Items from a data source:
lemma emb_forward_emb_of_placement:
  assumes p: "p \<in> Ps"
  shows "emb_forward (emb_of_placement Ps st e) p = e p"
proof (cases "length p = 1")
  case True then show ?thesis using e p unfolding emb_forward_def orientations_def by simp
next
  case False
  define m where "m = int (length (fst (st p)))"
  define L where "L = int (length p)"
  have m3: "m \<ge> 3" using Cs_length_ge_3 placements_D(1)[OF st p] unfolding m_def by auto
  have "1 < length p" using False Ps_nonempty p by (cases p) auto
  then have "(p, 1) \<in> path_vertices Ps" using p unfolding path_vertices_def by auto
  then have f1: "snd (emb_of_placement Ps st e (p, 1)) = (snd (st p) + orient e p 1) mod m"
    unfolding m_def by (simp only: emb_of_placement_apply snd_conv)
  show ?thesis
  proof (cases "e p")
    case True
    then show ?thesis using f1 emb_cycle_start_emb_of_placement[OF p] False
      unfolding emb_forward_def orient_def m_def by (simp add: mod_simps)
  next
    case eF: False
    have "(snd (st p) + L - 2) mod m \<noteq> (snd (st p) + L) mod m"
    proof
      assume "(snd (st p) + L - 2) mod m = (snd (st p) + L) mod m"
      then have "(- 2) mod m = 0" by (simp add: mod_eq_dvd_iff)
      moreover have "(- 2) mod m = m - 2" using m3 by (simp add: zmod_zminus1_eq_if)
      ultimately show False using m3 by simp
    qed
    then show ?thesis using f1 emb_cycle_start_emb_of_placement[OF p] False eF
      unfolding emb_forward_def orient_def m_def L_def by (simp add: mod_simps algebra_simps)
  qed
qed

lemma emb_placement_emb_of_placement: "emb_placement (emb_of_placement Ps st e) = st"
  unfolding emb_placement_def
proof (rule restrict_eq_PiE)
  show "st \<in> Ps \<rightarrow>\<^sub>E (SIGMA c:Cs. {0..<int (length c)})" using st unfolding placements_def by blast
  fix p assume p: "p \<in> Ps"
  define m where "m = int (length (fst (st p)))"
  have "((snd (st p) + orient e p 0) mod m - (if e p then 0 else int (length p) - 1)) mod m = snd (st p)"
    using placements_D[OF st p] unfolding orient_def m_def by (simp add: mod_diff_left_eq)
  then show "(emb_cycle (emb_of_placement Ps st e) p,
      (emb_start (emb_of_placement Ps st e) p - (if emb_forward (emb_of_placement Ps st e) p then 0
        else int (length p) - 1)) mod int (length (emb_cycle (emb_of_placement Ps st e) p))) = st p"
    using emb_cycle_start_emb_of_placement[OF p] emb_forward_emb_of_placement[OF p] unfolding m_def
    by simp
qed

lemma emb_orientation_emb_of_placement: "emb_orientation (emb_of_placement Ps st e) = e"
  using e emb_forward_emb_of_placement unfolding emb_orientation_def orientations_def
  by (auto intro!: restrict_eq_PiE)

end

theorem card_embeddings: "card embeddings = card (placements length Cs Ps) * card (orientations Ps)"
proof -
  have "bij_betw (\<lambda>(st, e). emb_of_placement Ps st e)
        (placements length Cs Ps \<times> orientations Ps) embeddings"
  proof (rule bij_betw_byWitness[where f' = "\<lambda>f. (emb_placement f, emb_orientation f)"])
  qed (auto simp: emb_placement_emb_of_placement emb_orientation_emb_of_placement
      emb_of_placement_emb_placement emb_of_placement_in emb_placement_in emb_orientation_in)
  then show ?thesis by (metis bij_betw_same_card card_cartesian_product)
qed

end

section \<open>Induced copies and induced embeddings\<close>

lemma induced_embeddings_compose:
  assumes f: "f \<in> induced_embeddings VL adjL V adj"
    and \<alpha>: "bij_betw \<alpha> VL2 VL" "\<forall>u\<in>VL2. \<forall>v\<in>VL2. adjL2 u v \<longleftrightarrow> adjL (\<alpha> u) (\<alpha> v)"
    and \<beta>: "inj_on \<beta> V" "\<beta> ` V \<subseteq> V2" "\<forall>x\<in>V. \<forall>y\<in>V. adj x y \<longleftrightarrow> adj2 (\<beta> x) (\<beta> y)"
  shows "restrict (\<lambda>u. \<beta> (f (\<alpha> u))) VL2 \<in> induced_embeddings VL2 adjL2 V2 adj2"
proof -
  have fV: "f u \<in> V" if "u \<in> VL" for u using induced_embeddingsD(1)[OF f] that by auto
  have \<alpha>VL: "\<alpha> u \<in> VL" if "u \<in> VL2" for u using \<alpha>(1) that by (auto simp: bij_betw_def)
  have "inj_on (\<lambda>u. \<beta> (f (\<alpha> u))) VL2"
    using \<alpha>(1) \<beta>(1) induced_embeddingsD(2)[OF f] fV \<alpha>VL
    by (auto simp: bij_betw_def inj_on_def)
  moreover have "adjL2 u v \<longleftrightarrow> adj2 (\<beta> (f (\<alpha> u))) (\<beta> (f (\<alpha> v)))" if "u \<in> VL2" "v \<in> VL2" for u v
    using \<alpha>(2) \<beta>(3) induced_embeddingsD(3)[OF f] fV \<alpha>VL that by simp
  ultimately show ?thesis using fV \<alpha>VL \<beta>(2) unfolding induced_embeddings_def inj_on_def by auto
qed

lemma inv_into_adj_iff:
  assumes "bij_betw \<alpha> A B" "\<forall>u\<in>A. \<forall>v\<in>A. R u v \<longleftrightarrow> S (\<alpha> u) (\<alpha> v)"
  shows "\<forall>u\<in>B. \<forall>v\<in>B. S u v \<longleftrightarrow> R (inv_into A \<alpha> u) (inv_into A \<alpha> v)"
proof (intro ballI)
  fix u v assume "u \<in> B" "v \<in> B"
  moreover from this have "inv_into A \<alpha> u \<in> A" "inv_into A \<alpha> v \<in> A"
    using bij_betw_inv_into[OF assms(1)] by (auto dest: bij_betwE)
  ultimately show "S u v \<longleftrightarrow> R (inv_into A \<alpha> u) (inv_into A \<alpha> v)"
    using assms by (simp add: bij_betw_inv_into_right)
qed

lemma restrict_compose_cancel:
  assumes f: "f \<in> A \<rightarrow>\<^sub>E B" and \<alpha>: "\<And>u. u \<in> A \<Longrightarrow> \<alpha>' u \<in> A' \<and> \<alpha> (\<alpha>' u) = u"
    and \<beta>: "\<And>y. y \<in> B \<Longrightarrow> \<beta> (\<beta>' y) = y"
  shows "restrict (\<lambda>u. \<beta> (restrict (\<lambda>u. \<beta>' (f (\<alpha> u))) A' (\<alpha>' u))) A = f"
proof (rule restrict_eq_PiE[OF f])
  fix u assume "u \<in> A"
  moreover from this have "f u \<in> B" using f by auto
  ultimately show "\<beta> (restrict (\<lambda>u. \<beta>' (f (\<alpha> u))) A' (\<alpha>' u)) = f u" using \<alpha> \<beta> by simp
qed

lemma card_induced_embeddings_transfer:
  assumes \<alpha>: "bij_betw \<alpha> VL2 VL" "\<forall>u\<in>VL2. \<forall>v\<in>VL2. adjL2 u v \<longleftrightarrow> adjL (\<alpha> u) (\<alpha> v)"
    and \<beta>: "bij_betw \<beta> V2 V" "\<forall>x\<in>V2. \<forall>y\<in>V2. adj2 x y \<longleftrightarrow> adj (\<beta> x) (\<beta> y)"
  shows "card (induced_embeddings VL adjL V adj) = card (induced_embeddings VL2 adjL2 V2 adj2)"
proof -
  define \<alpha>' where "\<alpha>' = inv_into VL2 \<alpha>"
  define \<beta>' where "\<beta>' = inv_into V2 \<beta>"
  have \<alpha>': "bij_betw \<alpha>' VL VL2" unfolding \<alpha>'_def by (rule bij_betw_inv_into[OF \<alpha>(1)])
  have \<beta>': "bij_betw \<beta>' V V2" unfolding \<beta>'_def by (rule bij_betw_inv_into[OF \<beta>(1)])
  have \<alpha>\<alpha>': "\<alpha>' u \<in> VL2 \<and> \<alpha> (\<alpha>' u) = u" if "u \<in> VL" for u
    using \<alpha>(1) \<alpha>' that unfolding \<alpha>'_def by (auto simp: bij_betw_inv_into_right dest: bij_betwE)
  have \<alpha>'\<alpha>: "\<alpha> u \<in> VL \<and> \<alpha>' (\<alpha> u) = u" if "u \<in> VL2" for u
    using \<alpha>(1) that unfolding \<alpha>'_def by (auto simp: bij_betw_inv_into_left dest: bij_betwE)
  have "bij_betw (\<lambda>f. restrict (\<lambda>u. \<beta>' (f (\<alpha> u))) VL2)
      (induced_embeddings VL adjL V adj) (induced_embeddings VL2 adjL2 V2 adj2)"
  proof (rule bij_betw_byWitness[where f' = "\<lambda>g. restrict (\<lambda>u. \<beta> (g (\<alpha>' u))) VL"])
    show "\<forall>f\<in>induced_embeddings VL adjL V adj.
        restrict (\<lambda>u. \<beta> (restrict (\<lambda>u. \<beta>' (f (\<alpha> u))) VL2 (\<alpha>' u))) VL = f"
      using restrict_compose_cancel[where \<alpha> = \<alpha> and \<alpha>' = \<alpha>' and \<beta> = \<beta> and \<beta>' = \<beta>',
          OF induced_embeddingsD(1) \<alpha>\<alpha>'] \<beta>(1)
      unfolding \<beta>'_def by (simp add: bij_betw_inv_into_right)
    show "\<forall>g\<in>induced_embeddings VL2 adjL2 V2 adj2.
        restrict (\<lambda>u. \<beta>' (restrict (\<lambda>u. \<beta> (g (\<alpha>' u))) VL (\<alpha> u))) VL2 = g"
      using restrict_compose_cancel[where \<alpha> = \<alpha>' and \<alpha>' = \<alpha> and \<beta> = \<beta>' and \<beta>' = \<beta>,
          OF induced_embeddingsD(1) \<alpha>'\<alpha>] \<beta>(1)
      unfolding \<beta>'_def by (simp add: bij_betw_inv_into_left)
    show "(\<lambda>f. restrict (\<lambda>u. \<beta>' (f (\<alpha> u))) VL2) ` induced_embeddings VL adjL V adj
        \<subseteq> induced_embeddings VL2 adjL2 V2 adj2"
      using induced_embeddings_compose[where \<alpha> = \<alpha> and \<beta> = \<beta>', OF _ \<alpha>]
        \<beta>' inv_into_adj_iff[OF \<beta>] unfolding \<beta>'_def by (auto simp: bij_betw_def)
    show "(\<lambda>g. restrict (\<lambda>u. \<beta> (g (\<alpha>' u))) VL) ` induced_embeddings VL2 adjL2 V2 adj2
        \<subseteq> induced_embeddings VL adjL V adj"
      using induced_embeddings_compose[where \<alpha> = \<alpha>' and \<beta> = \<beta>, OF _ \<alpha>']
        inv_into_adj_iff[OF \<alpha>] \<beta> unfolding \<alpha>'_def by (auto simp: bij_betw_def)
  qed
  then show ?thesis by (rule bij_betw_same_card)
qed

abbreviation edge_adj :: "'a set set \<Rightarrow> 'a \<Rightarrow> 'a \<Rightarrow> bool" where
  "edge_adj E \<equiv> \<lambda>u v. {u, v} \<in> E"

lemma induced_edges_iff: "x \<in> X \<Longrightarrow> y \<in> X \<Longrightarrow> {x, y} \<in> induced_edges E X \<longleftrightarrow> {x, y} \<in> E"
  unfolding induced_edges_def by auto

lemma induced_embeddings_codomain:
  "f \<in> induced_embeddings VL adjL V adj \<Longrightarrow> f ` VL \<subseteq> X \<Longrightarrow> X \<subseteq> V \<Longrightarrow>
     f \<in> induced_embeddings VL adjL X adj"
  unfolding induced_embeddings_def by (auto simp: PiE_iff)

lemma graph_iso_image:
  assumes f: "f \<in> induced_embeddings VL (edge_adj EL) V (edge_adj E)"
  shows "graph_iso (f ` VL) (induced_edges E (f ` VL)) VL EL"
  unfolding graph_iso_def
proof (intro exI conjI ballI)
  have inj: "inj_on f VL" by (rule induced_embeddingsD(2)[OF f])
  show "bij_betw (inv_into VL f) (f ` VL) VL" using inj
    by (simp add: bij_betw_inv_into bij_betw_imageI)
  fix x y assume "x \<in> f ` VL" "y \<in> f ` VL"
  moreover obtain u v where uv: "u \<in> VL" "v \<in> VL" "x = f u" "y = f v"
    using \<open>x \<in> f ` VL\<close> \<open>y \<in> f ` VL\<close> by blast
  moreover have "inv_into VL f x = u" "inv_into VL f y = v" using inj uv by auto
  ultimately show "{x, y} \<in> induced_edges E (f ` VL) \<longleftrightarrow> {inv_into VL f x, inv_into VL f y} \<in> EL"
    using induced_edges_iff[of x "f ` VL" y E] induced_embeddingsD(3)[OF f uv(1,2)] by (simp only:)
qed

PROBLEM STATEMENT: When a line in the data contains "ultimately", return it as written.

EXERCISE RESPONSE:
      ultimately show False using m3 by simp
  ultimately show ?thesis using fV \<alpha>VL \<beta>(2) unfolding induced_embeddings_def inj_on_def by auto
  ultimately show "S u v \<longleftrightarrow> R (inv_into A \<alpha> u) (inv_into A \<alpha> v)"
  ultimately show "\<beta> (restrict (\<lambda>u. \<beta>' (f (\<alpha> u))) A' (\<alpha>' u)) = f u" using \<alpha> \<beta> by simp
  ultimately show "{x, y} \<in> induced_edges E (f ` VL) \<longleftrightarrow> {inv_into VL f x, inv_into VL f y} \<in> EL"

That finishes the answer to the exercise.